AC circuit analysis. There are components, inductances and capacitors, that need knowledge of calculus to understand how they work. But if the current changes like sine wave, all calculations are exactly the same as they are for resistors and direct current, only in complex numbers. And – wonder – no calculus needed. Just simple addition and multiplication.

Waves. Including in electricity, probability, and various other places.

You might know of the result:

> e^(iθ) = cos θ + i.sin θ

Trig functions like sine and cosine can be a real pain to work with, particularly if you are multiplying them together (or differentiating them). There are identities that help, but they are messy.

But if we have a trig function (and there are some tricks we can use to rearrange them into a single sine or cosine) we can can pretend that it is the real part of some complex exponential.

Exponentials a really easy to work with, particularly when you multiply them (you just add the arguments) and differentiate them (they stay the same).

A whole bunch of problems involving waves can become so much simpler if you turn them into complex exponentials, do the maths there, and then take the real part when we get our final answer.

————-

There are also some neat tricks we can do with analysing waves (particularly with signals) involving complex numbers.

If we have a bunch of waves (i.e. signals) stacked on top of each other, each with their own frequencies and magnitudes, there is a neat maths trick called a Fourier Transform (well, a bunch of related tricks called Fourier and Laplace and other transforms) that we can use that takes our wavy function and pulls out the specific frequencies. We can also use it to construct any shaped wave out of sine and cosine waves of different frequencies. [This diagram](https://commons.wikimedia.org/wiki/File:Fouriertransform_av_Trikromatisk_str%C3%A5ling.gif) is in Norwegian, but you can see the idea: We have a weird signal (middle graph) that is made up of three different waves (left graph). If we do some sneaky maths involving complex numbers we can extract those three signals into their specific frequencies (the right graph).

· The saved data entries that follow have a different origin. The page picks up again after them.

(* Let $\mathcal{S}\subset\mathbb{R}^n$ be compact convex, and let $f_1,\dots,f_T:\mathcal{S}\to\mathbb{R}$ be differentiable, $\ell$-strongly convex and $u$-smooth (i.e. $\nabla f_t$ is $u$-Lipschitz) with $\|\nabla f_t(x)\|\le G$ on $\mathcal{S}$. Let $\theta_1\in\mathcal{S}$ and $$\theta_{t+1}=\operatorname{argmin}_{\theta\in\mathcal{S}}\big\|\theta-(\theta_t-\eta_t\nabla f_t(\theta_t))\big\|^2,\qquad \eta_t=\frac{1-\gamma}{\ell(\gamma-\gamma^t)+u(1-\gamma)},$$ with $1-\gamma=1/T^\beta$, $\beta\in(0,1)$. Let $\theta_t^*=\operatorname{argmin}_{\theta\in\mathcal{S}}f_t(\theta)$ and $V^*=\sum_{t=2}^T\|\theta_t^*-\theta_{t-1}^*\|$. Then $$\sum_{t=1}^T\big(f_t(\theta_t)-f_t(\theta_t^* )\big)\le G\big(2(T^\beta-1)+u/\ell\big)\big(\|\theta_1-\theta_1^*\|+V^*\big).$$
   Context: $\ell$-strongly convex: $f(y)\ge f(x)+\nabla f(x)^\top(y-x)+\frac\ell2\|x-y\|^2$ for all $x,y\in\mathcal{S}$. *)

theory Defs
  imports "HOL-Analysis.Analysis"
begin

end

theory Submission
  imports Defs
begin

text \<open>
  For an l-strongly convex function with u-Lipschitz gradient, a projected gradient step with
  step size eta, eta u \<le> 1, is a contraction with factor 1 - eta l, and it fixes the minimizer.
  Hence the tracking errors e t = |theta t - theta* t| satisfy
  e (t + 1) \<le> (1 - eta t l) e t + |theta* (t + 1) - theta* t|, and the prescribed step sizes
  have eta t l \<ge> 1 / M with M = T^beta - 1 + u / l; summing the recursion gives
  sum e \<le> M (e 1 + V*).  Convexity and the gradient bound turn each regret term into at
  most G e t.

  The contraction factor comes from cocoercivity of the gradient of f - l/2 |x|^2.  Since the
  functions are only controlled on S, cocoercivity is proved for the component of gradient
  differences along the affine hull of S: first between points having a common relative ball
  inside S, then on all of S by continuity.
\<close>

section \<open>Metric projection and first-order conditions\<close>

lemma closest_point_eqI:
  assumes "convex S" "closed S" "p \<in> S" "\<And>z. z \<in> S \<Longrightarrow> (a - p) \<bullet> (z - p) \<le> 0"
  shows "closest_point S a = p"
proof -
  have "dist a p \<le> dist a z" if "z \<in> S" for z
  proof -
    have "(norm (a - p))\<^sup>2 \<le> (norm (a - p))\<^sup>2 + (norm (p - z))\<^sup>2 - 2 * ((a - p) \<bullet> (z - p))"
      using assms(4)[OF that] zero_le_power2[of "norm (p - z)"] by linarith
    also have "\<dots> = (norm ((a - p) + (p - z)))\<^sup>2"
      by (simp add: power2_norm_eq_inner inner_add inner_diff inner_commute)
    finally show ?thesis
      by (simp add: dist_norm power2_le_iff_abs_le)
  qed
  then show ?thesis
    using closest_point_unique[OF assms(1-3)] by simp
qed

lemma closest_point_firmly_nonexpansive:
  assumes "convex S" "closed S" "S \<noteq> {}"
  shows "(norm (closest_point S a - closest_point S b))\<^sup>2
           \<le> (a - b) \<bullet> (closest_point S a - closest_point S b)"
proof -
  have "(a - closest_point S a) \<bullet> (closest_point S b - closest_point S a) \<le> 0"
    and "(b - closest_point S b) \<bullet> (closest_point S a - closest_point S b) \<le> 0"
    using assms by (simp_all add: closest_point_dot closest_point_in_set)
  then show ?thesis
    by (simp add: power2_norm_eq_inner inner_diff algebra_simps)
qed

lemma has_real_derivative_along_line:
  assumes "(h has_derivative (\<lambda>v. g \<bullet> v)) (at (x + s *\<^sub>R d))"
  shows "((\<lambda>s. h (x + s *\<^sub>R d)) has_real_derivative (g \<bullet> d)) (at s)"
proof -
  have "((\<lambda>s. x + s *\<^sub>R d) has_derivative (\<lambda>t. t *\<^sub>R d)) (at s)"
    by (auto intro!: derivative_eq_intros)
  from has_derivative_compose[OF this assms] show ?thesis
    unfolding has_field_derivative_def by (simp add: mult.commute[of _ "g \<bullet> d"])
qed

The pendulum is a great example of a physical system governed by second-order differential equations of motion. If you assume small-angle motion, you can approximate the EOM with a linear differential equation. Then you use an awesome tool called the Laplace transform (a more general form of the Fourier transform that someone else mentions) to transform the linear differential equation into a polynomial algebraic equation. This is where complex numbers earn their keep bigtime.

The pendulum leads to a quadratic equation. You can tell all you need to know about the pendulum’s behavior by finding the roots of that quadratic equation. There will always be two roots (because all quadratic equations have two roots). If the pendulum is undamped, the roots are pure imaginary. If there is energy dissipation, the roots are complex conjugates, with negative real parts. If something is putting energy in (“negative damping”), then the roots are complex conjugates with positive real parts.

You can transform back into differential equation land, thus finding the time-domain solution to the differential equation, but you can pick off a lot of useful information just by where the roots are in the complex plane. Does any root have a positive real part? Then the system is unstable. How far are the roots from the origin? That gives you the natural frequency of the system. How far are the roots from the imaginary axis? That tells you how well damped the motion is.

Basically all control systems use complex numbers to develop their control laws.

When you write the differential equations for almost all real-world physical systems with controllers, complex numbers are going to show up in the solution if you’re using a Laplace transform, which is the most common way to do the analysis.

These are *everywhere*…your thermostat, your oven, your car, your phone, anything with an engine or motor, anything with a servo…they’re ubiquitous.